### GOAL OF THE EXERCISE
Taking the line with "V - ?X)\<^sup>*\<^sup>*" as the first and the line with "then obtain u" as the last, set down exactly every line in that range from the entries below, and no more.

(Saved entries)
____

text \<open>Connectedness of the graph with vertex set V, using only edges inside V
(so that this also applies to vertex-deleted subgraphs). The empty graph is
not connected.\<close>

definition gconnected :: "'a set \<Rightarrow> ('a \<Rightarrow> 'a \<Rightarrow> bool) \<Rightarrow> bool" where
  "gconnected V E \<longleftrightarrow> V \<noteq> {} \<and>
     (\<forall>x\<in>V. \<forall>y\<in>V. (\<lambda>a b. E a b \<and> a \<in> V \<and> b \<in> V)\<^sup>*\<^sup>* x y)"

definition degree :: "'a set \<Rightarrow> ('a \<Rightarrow> 'a \<Rightarrow> bool) \<Rightarrow> 'a \<Rightarrow> nat" where
  "degree V E v = card {w \<in> V. E v w}"

definition min_degree :: "'a set \<Rightarrow> ('a \<Rightarrow> 'a \<Rightarrow> bool) \<Rightarrow> nat" where
  "min_degree V E = Min (degree V E ` V)"

definition vertex_connectivity :: "'a set \<Rightarrow> ('a \<Rightarrow> 'a \<Rightarrow> bool) \<Rightarrow> nat" where
  "vertex_connectivity V E =
     Min {card X | X. X \<subseteq> V \<and> (\<not> gconnected (V - X) E \<or> card (V - X) \<le> 1)}"

definition Kn_verts :: "nat \<Rightarrow> nat set" where
  "Kn_verts n = {0..<n}"

definition Kn_edge :: "nat \<Rightarrow> nat \<Rightarrow> bool" where
  "Kn_edge i j \<longleftrightarrow> i \<noteq> j"

definition kron_verts :: "'a set \<Rightarrow> 'b set \<Rightarrow> ('a \<times> 'b) set" where
  "kron_verts V1 V2 = V1 \<times> V2"

definition kron_edge :: "('a \<Rightarrow> 'a \<Rightarrow> bool) \<Rightarrow> ('b \<Rightarrow> 'b \<Rightarrow> bool)
    \<Rightarrow> 'a \<times> 'b \<Rightarrow> 'a \<times> 'b \<Rightarrow> bool" where
  "kron_edge E1 E2 x y \<longleftrightarrow> E1 (fst x) (fst y) \<and> E2 (snd x) (snd y)"

definition no_isolated :: "'a set \<Rightarrow> ('a \<Rightarrow> 'a \<Rightarrow> bool) \<Rightarrow> bool" where
  "no_isolated W E \<longleftrightarrow> (\<forall>x\<in>W. \<exists>y\<in>W. E x y)"

text \<open>S_i = {u_i} \<times> V(K_n), and S_i' = S_i - S.\<close>

definition layer :: "nat \<Rightarrow> 'a \<Rightarrow> ('a \<times> nat) set" where
  "layer n u = {u} \<times> Kn_verts n"

text \<open>The graph G*: its vertex S_u' is indexed by u \<in> V(G) (distinct u give
distinct, disjoint S_u'); S_u' S_w' is an edge iff G \<times> K_n - S has an edge
with one end in S_u' and the other in S_w'.\<close>

definition gstar_edge :: "nat \<Rightarrow> ('a \<Rightarrow> 'a \<Rightarrow> bool) \<Rightarrow> ('a \<times> nat) set \<Rightarrow> 'a \<Rightarrow> 'a \<Rightarrow> bool" where
  "gstar_edge n E S u w \<longleftrightarrow>
     (\<exists>x \<in> layer n u - S. \<exists>y \<in> layer n w - S. kron_edge E Kn_edge x y)"

end

theory Submission
  imports Defs
begin

(*
  Suppose G* is disconnected and let A be a connected component of G*
  (viewed as a set of vertices of G), so no G*-edge joins A and V - A.  Let D be the
  boundary of A in G: the vertices having a G-neighbour on the other side of the cut.

  (1) Pure graph theory: in a connected graph the boundary of any proper nonempty
      vertex set A has more than min(delta, kappa) vertices.  If A lies inside D, a
      vertex of A together with all its neighbours lies in D (> delta vertices);
      otherwise A \<inter> D separates A - D from D - A, so |D| > |A \<inter> D| \<ge> kappa.
  (2) Layers: if u w is an edge of G but S_u' S_w' is not an edge of G*, then S_u'
      is a single vertex, i.e. S contains n - 1 vertices of the layer S_u.
  Hence every u \<in> D contributes n - 1 vertices of S in its own layer, so
  (n - 1)|D| \<le> |S| = (n - 1) delta, i.e. |D| \<le> delta = min(delta, kappa),
  contradicting (1).
*)

section \<open>Paths, cuts and connectivity\<close>

lemma rtranclp_leaves_set:
  assumes "(\<lambda>a b. E a b \<and> a \<in> W \<and> b \<in> W)\<^sup>*\<^sup>* x y" "x \<in> P" "y \<notin> P"
  shows "\<exists>u w. u \<in> P \<and> w \<notin> P \<and> u \<in> W \<and> w \<in> W \<and> E u w"
  using assms by (induction rule: rtranclp_induct) blast+

lemma not_gconnected_split:
  assumes "V \<noteq> {}" "\<not> gconnected V R" and R_sym: "\<And>a b. R a b \<Longrightarrow> R b a"
  obtains A where "A \<subseteq> V" "A \<noteq> {}" "V - A \<noteq> {}"
    "\<And>u w. u \<in> A \<Longrightarrow> w \<in> V - A \<Longrightarrow> \<not> R u w"
proof -
  define R\<^sub>V where "R\<^sub>V = (\<lambda>a b. R a b \<and> a \<in> V \<and> b \<in> V)"
  obtain v where v: "v \<in> V" using assms(1) by auto
  define A where "A = {w \<in> V. R\<^sub>V\<^sup>*\<^sup>* v w}"
  have "V - A \<noteq> {}"
  proof
    assume "V - A = {}"
    then have reach: "R\<^sub>V\<^sup>*\<^sup>* v x" if "x \<in> V" for x
      using that unfolding A_def by auto
    have "symp R\<^sub>V" using R_sym unfolding R\<^sub>V_def symp_def by blast
    then have "R\<^sub>V\<^sup>*\<^sup>* x y" if "x \<in> V" "y \<in> V" for x y
      using reach[OF that(1)] reach[OF that(2)]
      by (meson rtranclp_trans symp_rtranclp symp_def)
    then show False using assms(1,2) unfolding gconnected_def R\<^sub>V_def by blast
  qed
  moreover have "\<not> R u w" if "u \<in> A" "w \<in> V - A" for u w
    using that rtranclp.rtrancl_into_rtrancl[of R\<^sub>V v u w]
    unfolding A_def R\<^sub>V_def by auto
  ultimately show ?thesis using that[of A] v unfolding A_def by auto
qed

lemma vertex_connectivity_le_separator:
  assumes "finite V" "X \<subseteq> V" "\<not> gconnected (V - X) E"
  shows "vertex_connectivity V E \<le> card X"
  unfolding vertex_connectivity_def
proof (rule Min_le)
  have "{card X |X. X \<subseteq> V \<and> (\<not> gconnected (V - X) E \<or> card (V - X) \<le> 1)} \<subseteq> card ` Pow V"
    by auto
  then show "finite {card X |X. X \<subseteq> V \<and> (\<not> gconnected (V - X) E \<or> card (V - X) \<le> 1)}"
    using assms(1) finite_subset by blast
qed (use assms in auto)

lemma min_degree_le_degree:
  assumes "finite V" "v \<in> V"
  shows "min_degree V E \<le> degree V E v"
  using assms unfolding min_degree_def by (intro Min_le) auto

section \<open>The boundary of a cut\<close>

definition boundary :: "'a set \<Rightarrow> ('a \<Rightarrow> 'a \<Rightarrow> bool) \<Rightarrow> 'a set \<Rightarrow> 'a set" where
  "boundary V E A = {u \<in> V. \<exists>w\<in>V. E u w \<and> (u \<in> A \<longleftrightarrow> w \<notin> A)}"

lemma boundary_meets_both_sides:
  assumes "gconnected V E" "A \<subseteq> V" "A \<noteq> {}" "V - A \<noteq> {}"
    and E_sym: "\<And>x y. E x y \<Longrightarrow> E y x"
  obtains a b where "a \<in> A" "b \<in> V - A" "E a b"
    "a \<in> boundary V E A" "b \<in> boundary V E A"
proof -
  obtain x y where "x \<in> A" "y \<in> V - A" using assms(3,4) by blast
  then have "(\<lambda>a b. E a b \<and> a \<in> V \<and> b \<in> V)\<^sup>*\<^sup>* x y"
    using assms(1,2) unfolding gconnected_def by blast
  then obtain a b where ab: "a \<in> A" "b \<in> V - A" "a \<in> V" "E a b"
    using rtranclp_leaves_set[of E V x y A] \<open>x \<in> A\<close> \<open>y \<in> V - A\<close> by blast
  have "a \<in> boundary V E A" using ab unfolding boundary_def by blast
  moreover have "b \<in> boundary V E A" using ab E_sym[OF ab(4)] unfolding boundary_def by blast
  ultimately show ?thesis using that ab by blast
qed

text \<open>If the whole of A lies on the boundary, a vertex of A and all its neighbours do
(a neighbour outside A is on the boundary through the reverse edge).\<close>

lemma boundary_contains_neighbourhood:
  assumes "A \<subseteq> boundary V E A" "a \<in> A" and E_sym: "\<And>x y. E x y \<Longrightarrow> E y x"
  shows "insert a {w \<in> V. E a w} \<subseteq> boundary V E A"
proof
  fix w assume w: "w \<in> insert a {w \<in> V. E a w}"
  show "w \<in> boundary V E A"
  proof (cases "w \<in> A")
    case False
    have "a \<in> V" using assms(1,2) unfolding boundary_def by blast
    with False w E_sym show ?thesis using assms(2) unfolding boundary_def by blast
  qed (use assms(1) in blast)
qed

lemma boundary_inner_part_separates:
  assumes "a \<in> A - boundary V E A" "b \<in> boundary V E A - A" "A \<subseteq> V"
  shows "\<not> gconnected (V - A \<inter> boundary V E A) E"
proof
  let ?X = "A \<inter> boundary V E A"
  assume "gconnected (V - ?X) E"
  moreover have "a \<in> V - ?X" "b \<in> V - ?X" using assms unfolding boundary_def by auto
  ultimately have "(\<lambda>x y. E x y \<and> x \<in> V - ?X \<and> y \<in> V - ?X)\<^sup>*\<^sup>* a b"
    unfolding gconnected_def by blast
  then obtain u w where uw: "u \<in> A - ?X" "w \<notin> A - ?X" "w \<in> V - ?X" "u \<in> V" "E u w"
    using rtranclp_leaves_set[of E "V - ?X" a b "A - ?X"] assms by blast
  then have "w \<notin> A" by blast
  then have "u \<in> boundary V E A" using uw unfolding boundary_def by blast
  then show False using uw by blast
qed

lemma boundary_card_gt:
  assumes "sgraph V E" "gconnected V E" "A \<subseteq> V" "A \<noteq> {}" "V - A \<noteq> {}"
  shows "min (min_degree V E) (vertex_connectivity V E) < card (boundary V E A)"
proof -
  let ?D = "boundary V E A"
  have finV: "finite V" and E_sym: "\<And>x y. E x y \<Longrightarrow> E y x" and E_irr: "\<And>x. \<not> E x x"
    using assms(1) unfolding sgraph_def by auto
  have finD: "finite ?D" using finV unfolding boundary_def by simp
  obtain a b where ab: "a \<in> A" "b \<in> V - A" "E a b" "a \<in> ?D" "b \<in> ?D"
    by (rule boundary_meets_both_sides[OF assms(2-5) E_sym])
  show ?thesis
  proof (cases "A \<subseteq> ?D")
    case True
    have "a \<notin> {w \<in> V. E a w}" using E_irr by simp
    then have "degree V E a < card (insert a {w \<in> V. E a w})"
      unfolding degree_def using finV by simp
    also have "\<dots> \<le> card ?D"
      using card_mono[OF finD boundary_contains_neighbourhood[OF True ab(1) E_sym]] .
    moreover have "min_degree V E \<le> degree V E a"
      using min_degree_le_degree[OF finV] ab(1) assms(3) by blast
    ultimately show ?thesis by linarith
  next
    case False
    then obtain a' where "a' \<in> A - ?D" by blast
    then have "\<not> gconnected (V - A \<inter> ?D) E"
      using ab(2,5) by (intro boundary_inner_part_separates assms(3)) auto
    then have "vertex_connectivity V E \<le> card (A \<inter> ?D)"
      using vertex_connectivity_le_separator[OF finV] assms(3) by blast
    also have "\<dots> < card ?D"
      using ab(2,5) by (intro psubset_card_mono finD) blast
    finally show ?thesis by linarith
  qed
qed

section \<open>Layers of the Kronecker product\<close>

lemma gstar_edge_sym:
  assumes "\<And>x y. E x y \<Longrightarrow> E y x" "gstar_edge n E S u w"
  shows "gstar_edge n E S w u"
  using assms unfolding gstar_edge_def kron_edge_def Kn_edge_def by fastforce

text \<open>If u w is an edge of G but S_u' S_w' is not an edge of G*, then S_u' is a single
vertex: two vertices of S_u' cannot both share their K_n-coordinate with a vertex of
S_w', and all other pairs are adjacent in the product.\<close>

lemma missing_gstar_edge_singleton:
  assumes "E u w" "\<not> gstar_edge n E S u w" "x \<in> layer n u - S" "y \<in> layer n w - S"
  shows "layer n u - S = {x}"
proof -
  have adj: "snd z = snd y" if "z \<in> layer n u - S" for z
  proof (rule ccontr)
    assume "snd z \<noteq> snd y"
    moreover have "fst z = u" "fst y = w" using that assms(4) unfolding layer_def by auto
    ultimately have "kron_edge E Kn_edge z y"
      using assms(1) unfolding kron_edge_def Kn_edge_def by simp
    then show False using assms(2,4) that unfolding gstar_edge_def by blast
  qed
  have "z = x" if "z \<in> layer n u - S" for z
    using adj[OF that] adj[OF assms(3)] that assms(3) unfolding layer_def
    by (metis Diff_iff mem_Sigma_iff prod.collapse singletonD)
  then show ?thesis using assms(3) by blast
qed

____

### RESPONSE AREA
  ultimately have "(\<lambda>x y. E x y \<and> x \<in> V - ?X \<and> y \<in> V - ?X)\<^sup>*\<^sup>* a b"
    unfolding gconnected_def by blast
  then obtain u w where uw: "u \<in> A - ?X" "w \<notin> A - ?X" "w \<in> V - ?X" "u \<in> V" "E u w"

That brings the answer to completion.